Problem description: Reproduce the top of the data verbatim, through and including the line that contains "lam\<bar> * (Np + Nq)".
[[ Data shown open ]]
lemma coupled_eigenvalue_cmod_le:
  fixes a b :: "real \<Rightarrow> real"
  assumes Hp: "H2 p p' p''" and Hq: "H2 q q' q''" and nonzero: "p x0 \<noteq> 0 \<or> q x0 \<noteq> 0"
    and eq_p: "\<And>x. lam * p x = p'' x + of_real c * p' x + coupling h (a x) (b x) (p x) (q x)"
    and eq_q: "\<And>x. lam * q x = of_real \<epsilon> * q'' x + of_real c * q' x - coupling h (a x) (b x) (p x) (q x)"
    and "0 < \<epsilon>" "0 \<le> h" "h \<le> 1" "0 \<le> Re lam"
    and a: "\<And>x. 0 \<le> a x" "\<And>x. a x \<le> A" and b: "\<And>x. 0 \<le> b x" "\<And>x. b x \<le> B"
  shows "cmod lam \<le> c\<^sup>2 / 4 * max 1 (1 / \<epsilon>) + 2 * A + B"
proof -
  define \<rho> where "\<rho> x = coupling h (a x) (b x) (p x) (q x) * (cnj (p x) - cnj (q x))" for x
  define Np where "Np = (\<integral>x. (cmod (p x))\<^sup>2 \<partial>lborel)"
  define Nq where "Nq = (\<integral>x. (cmod (q x))\<^sup>2 \<partial>lborel)"
  have "Re lam * (Np + Nq) + \<bar>Im lam\<bar> * (Np + Nq)
      \<le> (\<integral>x. Re (\<rho> x) \<partial>lborel) + (\<integral>x. \<bar>Im (\<rho> x)\<bar> \<partial>lborel) + (c\<^sup>2 / 4 * Np + c\<^sup>2 / (4 * \<epsilon>) * Nq)"
    using H2_energy_Re[OF Hp Hq eq_p eq_q] H2_energy_abs_Im_le[OF Hp Hq eq_p eq_q \<open>0 < \<epsilon>\<close>]
    unfolding \<rho>_def Np_def Nq_def by linarith
  also have "\<dots> \<le> (2 * A + B) * (Np + Nq) + c\<^sup>2 / 4 * max 1 (1 / \<epsilon>) * (Np + Nq)"
  proof (rule add_mono)
    have "integrable lborel \<rho>"
      using H2_energy_identity(1)[OF Hp Hq eq_p eq_q] by (simp add: \<rho>_def[abs_def])
    moreover have "Re (\<rho> x) + \<bar>Im (\<rho> x)\<bar> \<le> (2 * A + B) * ((cmod (p x))\<^sup>2 + (cmod (q x))\<^sup>2)" for x
      unfolding \<rho>_def using a b assms(7,8) by (intro Re_plus_abs_Im_coupling_mult_cnj_le)
    ultimately have "(\<integral>x. Re (\<rho> x) + \<bar>Im (\<rho> x)\<bar> \<partial>lborel)
        \<le> (\<integral>x. (2 * A + B) * ((cmod (p x))\<^sup>2 + (cmod (q x))\<^sup>2) \<partial>lborel)"
      using Hp Hq unfolding H2_def by (intro integral_mono) auto
    with \<open>integrable lborel \<rho>\<close> show "(\<integral>x. Re (\<rho> x) \<partial>lborel) + (\<integral>x. \<bar>Im (\<rho> x)\<bar> \<partial>lborel) \<le> (2 * A + B) * (Np + Nq)"
      using Hp Hq unfolding Np_def Nq_def H2_def by simp
    have "0 \<le> Np" "0 \<le> Nq"
      unfolding Np_def Nq_def by (simp_all add: Bochner_Integration.integral_nonneg)
    then have "1 * Np + 1 / \<epsilon> * Nq \<le> max 1 (1 / \<epsilon>) * Np + max 1 (1 / \<epsilon>) * Nq"
      by (intro add_mono mult_right_mono) auto
    from mult_left_mono[OF this, of "c\<^sup>2 / 4"]
    show "c\<^sup>2 / 4 * Np + c\<^sup>2 / (4 * \<epsilon>) * Nq \<le> c\<^sup>2 / 4 * max 1 (1 / \<epsilon>) * (Np + Nq)"
      by (simp add: algebra_simps)
  qed
  finally have "(Re lam + \<bar>Im lam\<bar>) * (Np + Nq) \<le> (c\<^sup>2 / 4 * max 1 (1 / \<epsilon>) + 2 * A + B) * (Np + Nq)"
    by (simp add: algebra_simps)
  then have "Re lam + \<bar>Im lam\<bar> \<le> c\<^sup>2 / 4 * max 1 (1 / \<epsilon>) + 2 * A + B"
    using H2_norm_sum_pos[OF Hp Hq nonzero] unfolding Np_def Nq_def by simp
  then show ?thesis
    using cmod_le[of lam] \<open>0 \<le> Re lam\<close> by simp
qed

theorem theorem4p3:
  fixes \<epsilon> h Z \<sigma> Tign \<delta> c :: real
    and u u' u'' y y' y'' :: "real \<Rightarrow> real"
    and lam :: complex
  assumes eps: "0 < \<epsilon>" "\<epsilon> < 1"
    and hh: "0 < h" "h < 1"
    and ZZ: "0 < Z"
    and sig: "0 < \<sigma>" "\<sigma> < 1"
    and Tig: "0 < Tign" "0 < \<delta>" "Tign + 2 * \<delta> < 1"
    and cpos: "0 < c"
    and du: "\<And>x. (u has_real_derivative u' x) (at x)" "\<And>x. (u' has_real_derivative u'' x) (at x)"
    and dy: "\<And>x. (y has_real_derivative y' x) (at x)" "\<And>x. (y' has_real_derivative y'' x) (at x)"
    and equ: "\<And>x. u'' x + c * u' x
                 + y x * Frate Z h \<sigma> Tign \<delta> (h * u x + (1 - h) * (1 - y x)) = 0"
    and eqy: "\<And>x. \<epsilon> * y'' x + c * y' x
                 - y x * Frate Z h \<sigma> Tign \<delta> (h * u x + (1 - h) * (1 - y x)) = 0"
    and limbot: "(u \<longlongrightarrow> 1) at_bot" "(y \<longlongrightarrow> 0) at_bot"
    and limtop: "(u \<longlongrightarrow> 0) at_top" "(y \<longlongrightarrow> 1) at_top"
    and ybd: "\<And>x. 0 \<le> y x \<and> y x \<le> 1"
    and wbd: "\<And>x. 0 \<le> h * u x + (1 - h) * (1 - y x) \<and> h * u x + (1 - h) * (1 - y x) \<le> 1"
    and lam: "lam \<noteq> 0" "0 \<le> Re lam"
    and eig: "\<exists>p p' p'' q q' q''. H2 p p' p'' \<and> H2 q q' q'' \<and> (\<exists>x. p x \<noteq> 0 \<or> q x \<noteq> 0) \<and>
       (\<forall>x. let w = h * u x + (1 - h) * (1 - y x);
                 a = complex_of_real (Fw Z h \<sigma> Tign \<delta> w * y x);
                 b = complex_of_real (Frate Z h \<sigma> Tign \<delta> w)
             in lam * p x = p'' x + of_real c * p' x
                             + a * (of_real h * p x - of_real (1 - h) * q x) + b * q x
              \<and> lam * q x = of_real \<epsilon> * q'' x + of_real c * q' x
                             - a * (of_real h * p x - of_real (1 - h) * q x) - b * q x)"
  shows "Re lam \<le> (3 - 3 * h / 2)
            * (SUP x. Fw Z h \<sigma> Tign \<delta> (h * u x + (1 - h) * (1 - y x)) * y x)
            + exp (Z * (1 - h))
         \<and> cmod lam \<le> c\<^sup>2 / 4 * max 1 (1 / \<epsilon>)
            + (3 - h) * (SUP x. Fw Z h \<sigma> Tign \<delta> (h * u x + (1 - h) * (1 - y x)) * y x)
            + exp (Z * (1 - h))"
proof -
  define A where "A = (SUP x. Fw Z h \<sigma> Tign \<delta> (h * u x + (1 - h) * (1 - y x)) * y x)"
  define a where "a x = Fw Z h \<sigma> Tign \<delta> (h * u x + (1 - h) * (1 - y x)) * y x" for x
  define b where "b x = Frate Z h \<sigma> Tign \<delta> (h * u x + (1 - h) * (1 - y x))" for x
  from eig obtain p p' p'' q q' q'' x0 where Hp: "H2 p p' p''" and Hq: "H2 q q' q''"
    and nonzero: "p x0 \<noteq> 0 \<or> q x0 \<noteq> 0"
    and eq_p: "\<And>x. lam * p x = p'' x + of_real c * p' x + coupling h (a x) (b x) (p x) (q x)"
    and eq_q: "\<And>x. lam * q x = of_real \<epsilon> * q'' x + of_real c * q' x - coupling h (a x) (b x) (p x) (q x)"
    unfolding Let_def coupling_def a_def b_def by (simp add: add.assoc diff_diff_eq; blast)
  have a: "0 \<le> a x" "a x \<le> A" for x
    unfolding a_def A_def
    using Fw_mult_bounds[where w = "\<lambda>x. h * u x + (1 - h) * (1 - y x)" and y = y and Z = Z and h = h,
        OF Tig(2) sig(1) _ _ _ wbd ybd] sig(2) ZZ hh(1) by auto
  have b: "0 \<le> b x" "b x \<le> exp (Z * (1 - h))" for x
    unfolding b_def using Frate_bounds[OF Tig(2) sig(1)] wbd[of x] sig(2) ZZ hh(1) by auto
  have "3 / 2 * A \<le> (3 - 3 * h / 2) * A" "2 * A \<le> (3 - h) * A"
    using a(1)[of 0] a(2)[of 0] hh by (intro mult_right_mono; linarith)+
  moreover have "Re lam \<le> 3 / 2 * A + exp (Z * (1 - h))"
    using eps(1) hh a b by (intro coupled_eigenvalue_Re_le[OF Hp Hq nonzero eq_p eq_q]) auto
  moreover have "cmod lam \<le> c\<^sup>2 / 4 * max 1 (1 / \<epsilon>) + 2 * A + exp (Z * (1 - h))"
    using eps(1) hh lam(2) a b by (intro coupled_eigenvalue_cmod_le[OF Hp Hq nonzero eq_p eq_q]) auto
  ultimately show ?thesis
    unfolding A_def[symmetric] by linarith
qed

end
(* Let $(M,J)$ be an almost complex manifold, $\nabla$ a connection on $M$ with torsion $T$, and $\widetilde\nabla=\nabla-\tfrac12T$. Then $J^{H,\nabla}=J^{G,\widetilde\nabla}$.
   Context: $J^{G,D}$ denotes the generalized horizontal lift associated with a connection $D$: $D$ induces a connection on $T^*M$ by $(D_Xs)(Y)=X(s(Y))-s(D_XY)$; for $\xi\in T^*_xM$, $H^D_\xi=\{d_xs(X): X\in T_xM,\ s(x)=\xi,\ D_Xs=0\}$, $T_\xi T^*M=H^D_\xi\oplus T^*_xM$, $v^D$ the projection onto $T^*_xM$ along $H^D_\xi$, and $J^{G,D}(X,v^D(Y))=(JX,{}^tJ(v^D(Y)))$ with $JX:=(d_\xi\pi|_{H^D_\xi})^{-1}(J(x)d_\xi\pi(X))$. The horizontal lift is $J^{H,\nabla}:=J^c+\gamma([\widetilde\nabla J])$, where $[\widetilde\nabla J](X,Y)=-(\widetilde\nabla J)(X,Y)+(\widetilde\nabla J)(Y,X)$, $(\widetilde\nabla J)(X,Y)=\widetilde\nabla_X(JY)-J\widetilde\nabla_XY$; $\gamma(R):=p_kR^k_{ij}dx^i\otimes\partial_{p_j}$ for $R=R^k_{ij}dx^i\otimes dx^j\otimes\partial_{x_k}$ (coordinates $(x,p)$ on $T^*M$); $J^c$ is defined by $d(p_kJ^k_ldx^l)=\omega_{st}(J^c\cdot,\cdot)$, $\omega_{st}=d(p_idx^i)$. *)

theory Defs
  imports "HOL-Analysis.Analysis"
begin

text \<open>M is represented by an open set U of real^'n
(a coordinate chart), points of T*M by pairs (x,p) with p the covector
components p_k, and tangent vectors to T*M at (x,p) by pairs (X,P) meaning
X^i d/dx_i + P_j d/dp_j.  A connection is given by its Christoffel symbols
Gam x k i j = Gamma^k_ij, i.e. nabla_{d_i} d_j = Gamma^k_ij d_k.  An almost complex
structure J is a matrix field with J x $ k $ l = J^k_l.\<close>

fun Ck_on :: "nat \<Rightarrow> 'a::euclidean_space set \<Rightarrow> ('a \<Rightarrow> 'b::real_normed_vector) \<Rightarrow> bool" where
  "Ck_on 0 U f = continuous_on U f"
| "Ck_on (Suc k) U f =
     ((\<forall>x\<in>U. f differentiable (at x)) \<and>
      (\<forall>v. Ck_on k U (\<lambda>x. frechet_derivative f (at x) v)))"
lemma inv_shift_mat_linear_AONT_2:
  assumes prime_field: "CARD('a::finite_field) = CHAR('a)"
  shows "linear_AONT 2 CARD('a) (inv_shift_mat CARD('a) :: 'a mat)"
proof -
  let ?p = "CARD('a)" and ?N = "inv_shift_mat CARD('a) :: 'a mat"
  have N: "?N \<in> carrier_mat ?p ?p" by (simp add: inv_shift_mat_def)
  have inj: "inj_on (of_nat :: nat \<Rightarrow> 'a) {..<?p}"
    using bij_betw_of_nat_prime_field[OF prime_field] prime_field by (simp add: bij_betw_def)
  have N_index: "?N $$ (i, j) = inv_shift (of_nat i) (of_nat j)" if "i < ?p" "j < ?p" for i j
    using that by (simp add: inv_shift_mat_def)
  have minors: "invertible_mat (submatrix ?N I J)"
    if I: "I \<subseteq> {..<?p}" "card I = 2" and J: "J \<subseteq> {..<?p}" "card J = 2" for I J
  proof (rule invertible_submatrix_card_2[OF N I J])
    fix i i' j j' assume "i \<in> I" "i' \<in> I" "j \<in> J" "j' \<in> J" "i \<noteq> i'" "j \<noteq> j'"
    then have "(of_nat i :: 'a) \<noteq> of_nat i'" "(of_nat j :: 'a) \<noteq> of_nat j'"
      using I J inj by (auto dest: inj_onD)
    moreover have "i < ?p" "i' < ?p" "j < ?p" "j' < ?p"
      using \<open>i \<in> I\<close> \<open>i' \<in> I\<close> \<open>j \<in> J\<close> \<open>j' \<in> J\<close> I J by auto
    ultimately show "?N $$ (i, j) * ?N $$ (i', j') \<noteq> ?N $$ (i, j') * ?N $$ (i', j)"
      by (simp add: N_index inv_shift_minor_neq)
  qed
  have "invertible_mat ?N"
  proof (cases "?p = 2")
    case True
    then have "invertible_mat (submatrix ?N {..<?p} {..<?p})" by (intro minors) simp_all
    then show ?thesis using submatrix_lessThan[OF N] by simp
  next
    case False
    then have "3 \<le> ?p" using card_finite_field_ge_2[where ?'a = 'a] by simp
    then show ?thesis by (rule invertible_inv_shift_mat[OF prime_field])
  qed
  then show ?thesis using N minors unfolding linear_AONT_def by blast
qed

theorem corollary2p26:
  fixes p :: nat
  assumes "CARD('q::prime_card) = p"
  shows "\<exists>M :: 'q mod_ring mat. linear_AONT (p - 2) p M"
proof -
  have p: "CARD('q mod_ring) = p" and prime_field: "CARD('q mod_ring) = CHAR('q mod_ring)"
    using assms by simp_all
  let ?N = "inv_shift_mat p :: 'q mod_ring mat"
  have AONT: "linear_AONT 2 p ?N"
    using inv_shift_mat_linear_AONT_2[OF prime_field] p by simp
  then have "invertible_mat ?N" and N: "?N \<in> carrier_mat p p"
    by (simp_all add: linear_AONT_def)
  then obtain M where M: "M \<in> carrier_mat p p" and NM: "?N * M = 1\<^sub>m p"
    by (rule invertible_matE)
  have "2 \<le> p" using card_finite_field_ge_2[where ?'a = "'q mod_ring"] p by simp
  show ?thesis using linear_AONT_inverse[OF AONT \<open>2 \<le> p\<close> M NM] by blast
qed

end
lemma components_segment_cover:
  fixes f :: "real \<Rightarrow> real"
  assumes "continuous_on {a..b} f" "open V" "V \<subseteq> {a<..<b}"
  obtains p q where
    "\<And>C. C \<in> components V \<Longrightarrow> p C \<le> q C \<and> {p C<..<q C} \<subseteq> C \<and> {p C..q C} \<subseteq> {a..b}"
    "disjoint_family_on (\<lambda>C. {p C<..<q C}) (components V)"
    "f ` V \<subseteq> (\<Union>C\<in>components V. closed_segment (f (p C)) (f (q C)))"
proof -
  have "\<exists>p q. p \<le> q \<and> {p<..<q} \<subseteq> C \<and> {p..q} \<subseteq> {a..b} \<and> f ` C \<subseteq> closed_segment (f p) (f q)"
    if C: "C \<in> components V" for C
  proof -
    obtain p q where "p \<le> q" "{p<..<q} \<subseteq> C" "{p..q} \<subseteq> {a..b}" "f ` C \<subseteq> closed_segment (f p) (f q)"
      using components_image_subset_closed_segment[OF assms C] .
    then show ?thesis by blast
  qed
  then obtain p q where pq: "\<And>C. C \<in> components V \<Longrightarrow> p C \<le> q C \<and> {p C<..<q C} \<subseteq> C \<and>
      {p C..q C} \<subseteq> {a..b} \<and> f ` C \<subseteq> closed_segment (f (p C)) (f (q C))"
    by metis
  show thesis
  proof (rule that)
    show "p C \<le> q C \<and> {p C<..<q C} \<subseteq> C \<and> {p C..q C} \<subseteq> {a..b}" if "C \<in> components V" for C
      using pq[OF that] by blast
    have "{p C<..<q C} \<inter> {p C'<..<q C'} = {}"
      if "C \<in> components V" "C' \<in> components V" "C \<noteq> C'" for C C'
    proof -
      have "C \<inter> C' = {}"
        using that components_nonoverlap by blast
      moreover have "{p C<..<q C} \<subseteq> C" "{p C'<..<q C'} \<subseteq> C'"
        using that pq by blast+
      ultimately show ?thesis by blast
    qed
    then show "disjoint_family_on (\<lambda>C. {p C<..<q C}) (components V)"
      unfolding disjoint_family_on_def by blast
    show "f ` V \<subseteq> (\<Union>C\<in>components V. closed_segment (f (p C)) (f (q C)))"
    proof
      fix y assume "y \<in> f ` V"
      then obtain x C where "y = f x" "x \<in> C" "C \<in> components V"
        using Union_components[of V] by (metis UnionE imageE)
      then show "y \<in> (\<Union>C\<in>components V. closed_segment (f (p C)) (f (q C)))"
        using pq by blast
    qed
  qed
qed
[[ Data shown closed ]]
Answer box:
lemma coupled_eigenvalue_cmod_le:
  fixes a b :: "real \<Rightarrow> real"
  assumes Hp: "H2 p p' p''" and Hq: "H2 q q' q''" and nonzero: "p x0 \<noteq> 0 \<or> q x0 \<noteq> 0"
    and eq_p: "\<And>x. lam * p x = p'' x + of_real c * p' x + coupling h (a x) (b x) (p x) (q x)"
    and eq_q: "\<And>x. lam * q x = of_real \<epsilon> * q'' x + of_real c * q' x - coupling h (a x) (b x) (p x) (q x)"
    and "0 < \<epsilon>" "0 \<le> h" "h \<le> 1" "0 \<le> Re lam"
    and a: "\<And>x. 0 \<le> a x" "\<And>x. a x \<le> A" and b: "\<And>x. 0 \<le> b x" "\<And>x. b x \<le> B"
  shows "cmod lam \<le> c\<^sup>2 / 4 * max 1 (1 / \<epsilon>) + 2 * A + B"
proof -
  define \<rho> where "\<rho> x = coupling h (a x) (b x) (p x) (q x) * (cnj (p x) - cnj (q x))" for x
  define Np where "Np = (\<integral>x. (cmod (p x))\<^sup>2 \<partial>lborel)"
  define Nq where "Nq = (\<integral>x. (cmod (q x))\<^sup>2 \<partial>lborel)"
  have "Re lam * (Np + Nq) + \<bar>Im lam\<bar> * (Np + Nq)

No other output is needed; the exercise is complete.